There are other limitations to our study. The HRQoL data we used is taken from the literature as a proxy to create a TN disease state rather than from individual patients. The values for perioperative complications are from different sources and are not specific to TN. Even so, our model assumes that the relative values can be compared between MVD and SRS. Additionally, complications in the literature are presented dichotomously and don’t represent the duration or severity that could impact the measurement on QOL. For example, facial numbness was tracked in most of the studies, but the degree and distribution of numbness was not recorded and could have a variable impact on the treatment utility. Finally, surgery for medically refractory TN cannot be determined by a standard algorithm. Heterogeneity among patients precludes true clinical equipoise. Many of the included studies had cohorts that were operated on by a single surgeon. The effect of surgeon experience on outcome should not be underestimated in procedures such as MVD and cannot be accounted for by our model.

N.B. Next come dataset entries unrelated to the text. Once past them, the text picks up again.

(* Suppose the smallest directed sub-block of $D$ has $n$ nodes. Then for every $x\in\mathbb{N}$ with $x<n-2$, every state in $M_{C(x)}$ is on at most two nodes, $M_{C(x)}=M_{C(0)}$, and the order-$x$ cycle-partitioning closed model coincides with the pair-level ($x=0$) model.
   Context: $D=(V,A)$ is a directed graph on $V=\{1,\dots,N\}$ with rates $T_{ij}\ge0$, $T_{ij}>0$ iff $(j,i)\in A$, $T_{ii}=0$. A subsystem state is $\psi^A_W$ with $W\subseteq V$ nonempty, $A:W\to\{S,I,R\}$; $S_i,I_i$ are single-node states; for $n\notin W$, $\psi^A_WI_n$ is the state on $W\cup\{n\}$ extending $A$ with $n$ in state $I$; $h^X_k(\psi^A_W)$ changes the state of $k\in W$ to $X$. $\mathrm{IN}_a(X)$ is the set of nodes that can reach some member of $X$ by traversing at most $a$ arcs. $f_{C(x)}(X,Y,i)=1$ iff $\mathrm{IN}_a(X)\cap\mathrm{IN}_b(Y)=\emptyset$ in $D-i$ for all $a,b\in\mathbb{N}$ with $a+b=x$, else $0$, and by convention $0$ when the second argument is empty. A state $\psi^A_W$ with $A:W\to\{S,I\}$ induces: $\psi^A_W$; $h^S_k(\psi^A_W)$ for $k\in W$ with $A_k=I$ and $T_{kn}>0$ for some $n\in W$ with $A_n=I$; and for each $k\in W$, $n\in V\setminus W$ with $T_{kn}>0$: the state $h^S_k(\psi^A_W)I_n$ if $f_{C(x)}(\{n\},W\setminus\{k\},\{k\})=0$, or the states $h^S_k(\psi^A_W)$, $S_kI_n$, $S_k$ if it equals $1$. $M_{C(x)}$ is the smallest set containing all $S_i,I_i$ and closed under induced states. The closed model of order $x$ is the ODE system, one equation per state in $M_{C(x)}$, obtained from the exact Markovian SIR moment equation for $\langle\psi^A_W\rangle$ by replacing $\langle h^S_k(\psi^A_W)I_n\rangle$ with $\langle h^S_k(\psi^A_W)\rangle\langle S_kI_n\rangle/\langle S_k\rangle$ whenever $f_{C(x)}(\{n\},W\setminus\{k\},\{k\})=1$. $D[W]$ is the induced subgraph. A graph is biconnected if it has at least three vertices, is connected and remains connected after deleting any vertex. $D[W]$ is a directed sub-block if some node of $W$ is reachable within $D[W]$ from all others and its underlying undirected graph is biconnected. *)

theory Defs
  imports Complex_Main
begin

text \<open>Network: vertex set V = {1..N}; rates T i j (rate at which node j infects node i);
  arc (j,i) is present iff T i j > 0.  Subsystem states are partial maps
  psi :: nat \<rightharpoonup> status with W = dom psi.\<close>

datatype status = Sus | Inf | Rec

type_synonym sstate = "nat \<rightharpoonup> status"

definition verts :: "nat \<Rightarrow> nat set" where
  "verts N = {1..N}"

definition arcs_minus :: "nat \<Rightarrow> (nat \<Rightarrow> nat \<Rightarrow> real) \<Rightarrow> nat set \<Rightarrow> (nat \<times> nat) set" where
  "arcs_minus N T K = {(u,v). u \<in> verts N - K \<and> v \<in> verts N - K \<and> T v u > 0}"

definition IN_set :: "nat \<Rightarrow> (nat \<Rightarrow> nat \<Rightarrow> real) \<Rightarrow> nat set \<Rightarrow> nat \<Rightarrow> nat set \<Rightarrow> nat set" where
  "IN_set N T K a X = {v \<in> verts N - K. \<exists>x\<in>X. \<exists>m\<le>a. (v, x) \<in> (arcs_minus N T K) ^^ m}"

definition fC :: "nat \<Rightarrow> (nat \<Rightarrow> nat \<Rightarrow> real) \<Rightarrow> nat \<Rightarrow> nat set \<Rightarrow> nat set \<Rightarrow> nat set \<Rightarrow> nat" where
  "fC N T x X Y K =
     (if Y = {} then 0
      else if (\<forall>a b. a + b = x \<longrightarrow> IN_set N T K a X \<inter> IN_set N T K b Y = {}) then 1 else 0)"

The results of this study aim to direct surgical decision-making for the treatment of medically refractory TN in cases where MVD and SRS are both suited. While surgeon and patient preference play a large role in decision-making, this study suggests that MVD provides a higher QOL than SRS, and that initial pain-free rates, recurrence rates, and complications play a large role in postoperative HRQoL. This study, and the observational studies it draws from, demonstrates the need for standardized, high-quality research to continue to explore the application of surgery to TN.

Conclusions

MVD for trigeminal neuralgia is associated with a significantly higher quality of life than SRS. This difference is primarily attributable to MVD’s higher initial cure rate and lower recurrence rate. Although follow-up data for SRS does not permit comparison after seven years of follow-up, the trend toward rising recurrence rates following SRS suggests that the advantages of MVD are more durable.